You need to create an enhanced datasource connection for the Flink job. For details, see "Datasource Connections" > "Creating an Enhanced Datasource Connection" in the Data Lake Insight User Guide.

Note
  • The CIDR block of the DLI queue bound with a datasource connection cannot overlap with the CIDR block of the data source.
  • Datasource connections cannot be created for the default queue.
  • To access a table across data sources, you need to use a queue bound to a datasource connection.
  1. Go to the DLI management console and choose Datasource Connections in the navigation pane on the left.
  2. On the displayed Enhanced tab, click Create. Set the following parameters:

    • Connection Name: diskafka
    • Bind Queue: flinktest
    • VPC: vpc-dli
    • Subnet: dli-subnet
      Note

      The VPC and subnet must be the same as those of the Kafka instance.

  3. Click OK.
  4. On the Enhanced tab page, click the created connection diskafka to view its VPC Peering ID and Connection Status.
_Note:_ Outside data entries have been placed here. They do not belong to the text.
lemma norm_matpow_vector_le: "norm (matpow M k *v x) \<le> mat_norm M ^ k * norm x"
proof (induction k)
  case (Suc k)
  have "norm (matpow M (Suc k) *v x) \<le> mat_norm M * norm (matpow M k *v x)"
    by (simp add: norm_matrix_vector_mult_le matrix_vector_mul_assoc[symmetric])
  also have "\<dots> \<le> mat_norm M * (mat_norm M ^ k * norm x)"
    by (rule mult_left_mono[OF Suc mat_norm_nonneg])
  finally show ?case by (simp add: mult_ac)
qed simp

section \<open>Matrix exponential\<close>

text \<open>The library has no exponential of matrices of type \<open>real^'n^'n\<close> (they do not form a
  normed algebra), so \<open>e\<^sup>t\<^sup>M x\<close> is defined componentwise by its power series, to which the
  term-by-term differentiation theorem for real power series applies.\<close>

definition mat_exp_coeff :: "real^'n^'n \<Rightarrow> real^'n \<Rightarrow> 'n \<Rightarrow> nat \<Rightarrow> real" where
  "mat_exp_coeff M x i n = (matpow M n *v x) $ i / fact n"

definition mat_exp_vec :: "real^'n^'n \<Rightarrow> real \<Rightarrow> real^'n \<Rightarrow> real^'n" where
  "mat_exp_vec M t x = (\<chi> i. \<Sum>n. mat_exp_coeff M x i n * t ^ n)"

lemma summable_mat_exp_coeff: "summable (\<lambda>n. mat_exp_coeff M x i n * t ^ n)"
proof (rule summable_comparison_test)
  let ?L = "mat_norm M"
  show "summable (\<lambda>n. norm x * (inverse (fact n) * (?L * \<bar>t\<bar>) ^ n))"
    by (intro summable_mult summable_exp)
  have "\<bar>(matpow M n *v x) $ i\<bar> * \<bar>t\<bar> ^ n / fact n \<le> ?L ^ n * norm x * \<bar>t\<bar> ^ n / fact n" for n
  proof -
    have "\<bar>(matpow M n *v x) $ i\<bar> \<le> ?L ^ n * norm x"
      using component_le_norm_cart[of "matpow M n *v x" i] norm_matpow_vector_le[of M n x] by linarith
    then show ?thesis by (intro divide_right_mono mult_right_mono) simp_all
  qed
  then show "\<exists>N. \<forall>n\<ge>N. norm (mat_exp_coeff M x i n * t ^ n) \<le> norm x * (inverse (fact n) * (?L * \<bar>t\<bar>) ^ n)"
    by (auto simp: mat_exp_coeff_def abs_mult power_abs power_mult_distrib divide_inverse mult_ac)
qed

lemma diffs_mat_exp_coeff: "diffs (mat_exp_coeff M x i) n = (M *v (matpow M n *v x)) $ i / fact n"
  by (simp add: diffs_def mat_exp_coeff_def matrix_vector_mul_assoc[symmetric] fact_Suc)

lemma vec_lambda_eq_sum_axis: "(\<chi> i. f i) = (\<Sum>j\<in>UNIV. f j *\<^sub>R (axis j 1 :: real^'n))"
  using basis_expansion[of "\<chi> i. f i"] by (simp add: scalar_mult_eq_scaleR)

lemma has_vector_derivative_mat_exp_vec:
  fixes M :: "real^'n^'n"
  shows "((\<lambda>t. mat_exp_vec M t x) has_vector_derivative (M *v mat_exp_vec M t x)) (at t within S)"
proof -
  have deriv: "((\<lambda>t. \<Sum>n. mat_exp_coeff M x j n * t ^ n) has_real_derivative
      (\<Sum>n. diffs (mat_exp_coeff M x j) n * t ^ n)) (at t within S)" for j
    using termdiffs_strong_converges_everywhere[OF summable_mat_exp_coeff, of M x j t]
    by (rule DERIV_subset) simp
  have "diffs (mat_exp_coeff M x j) n * t ^ n = (\<Sum>l\<in>UNIV. M $ j $ l * (mat_exp_coeff M x l n * t ^ n))"
    for j n
  proof -
    have "diffs (mat_exp_coeff M x j) n * t ^ n
        = (\<Sum>l\<in>UNIV. M $ j $ l * (matpow M n *v x) $ l) / fact n * t ^ n"
      by (simp add: diffs_mat_exp_coeff matrix_vector_mult_def[of M])
    then show ?thesis
      by (simp add: mat_exp_coeff_def sum_divide_distrib sum_distrib_right mult.assoc)
  qed
  then have "(\<Sum>n. diffs (mat_exp_coeff M x j) n * t ^ n)
      = (\<Sum>n. \<Sum>l\<in>UNIV. M $ j $ l * (mat_exp_coeff M x l n * t ^ n))" for j
    by simp
  also have "\<dots> j = (\<Sum>l\<in>UNIV. \<Sum>n. M $ j $ l * (mat_exp_coeff M x l n * t ^ n))" for j
    by (rule suminf_sum) (rule summable_mult[OF summable_mat_exp_coeff])
  also have "\<dots> j = (\<Sum>l\<in>UNIV. M $ j $ l * (\<Sum>n. mat_exp_coeff M x l n * t ^ n))" for j
    by (simp add: suminf_mult summable_mat_exp_coeff)
  finally have coeffs: "(\<Sum>n. diffs (mat_exp_coeff M x j) n * t ^ n) = (M *v mat_exp_vec M t x) $ j" for j
    by (simp add: mat_exp_vec_def matrix_vector_mult_def)
  have "((\<lambda>t. \<Sum>j\<in>UNIV. (\<Sum>n. mat_exp_coeff M x j n * t ^ n) *\<^sub>R (axis j 1 :: real^'n)) has_vector_derivative
        (\<Sum>j\<in>UNIV. (\<Sum>n. diffs (mat_exp_coeff M x j) n * t ^ n) *\<^sub>R axis j 1)) (at t within S)"
    by (rule has_vector_derivative_sum)
      (use has_vector_derivative_scaleR[OF deriv has_vector_derivative_const] in simp)
  then show ?thesis
    by (simp add: coeffs mat_exp_vec_def vec_lambda_eq_sum_axis[symmetric])
qed

lemma mat_exp_vec_0: "mat_exp_vec M 0 x = x"
proof -
  have "(\<Sum>n. mat_exp_coeff M x i n * 0 ^ n) = x $ i" for i
    using powser_zero[of "mat_exp_coeff M x i"] by (simp add: mat_exp_coeff_def)
  then show ?thesis by (simp add: mat_exp_vec_def vec_eq_iff)
qed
If the status is Active, the connection is successful.

Step 5: Create a Datasource Authentication

For how to create a datasource authentication, see "Datasource Connections" > "Datasource Authentication" in the Data Lake Insight User Guide.

  1. Upload the Kafka authentication file client.truststore.jks obtained in Step 1: Prepare Source and Sink Streams to the OBS bucket smoke-test created in Step 2: Create an OBS Bucket for Saving Outputs.
  2. On the DLI management console, click Datasource Connections.
  3. On the Datasource Authentication tab page, click Create to add an authentication information. Set the following parameters:
    • Authentication Certificate: Flink
    • Type: Kafka_SSL
    • Truststore Path: obs://smoke-test/client.truststore.jks
    • Truststore Password: ******

    You do not need to set other parameters.

  4. Click OK.

Step 6: Configure Security Group Rules and Test Address Connectivity

  1. On the DLI management console, click Resources > Queue Management, select the bound queue, and click the arrow next to the queue name to view the network segment information of the queue.
  2. Log in to the DMS for Kafka console, click Kafka Premium, and click the name of the created Kafka instance, for example, kafka-dliflink. The instance information page is displayed.
  3. On the Basic Information page, obtain the Kafka connection address and port number in the Connection Address area.

  4. On the Basic Information page, click the security group name in the Security Group area.
  5. On the security group configuration page of the Kafka instance, choose Inbound Rules > Add Rule. Set Protocol to TCP, Port to 9093, and Source to the CIDR block of the DLI queue. Click OK.
  6. Log in to the DLI management console and choose Resources > Queue Management. In the row of the Flink queue, choose More > Test Address Connectivity. In the Address text box, enter the Kafka connection address and port number in the format of IP address:port number, and click Test. The subsequent operations can be performed only when the address is reachable. Note that multiple addresses must be tested separately.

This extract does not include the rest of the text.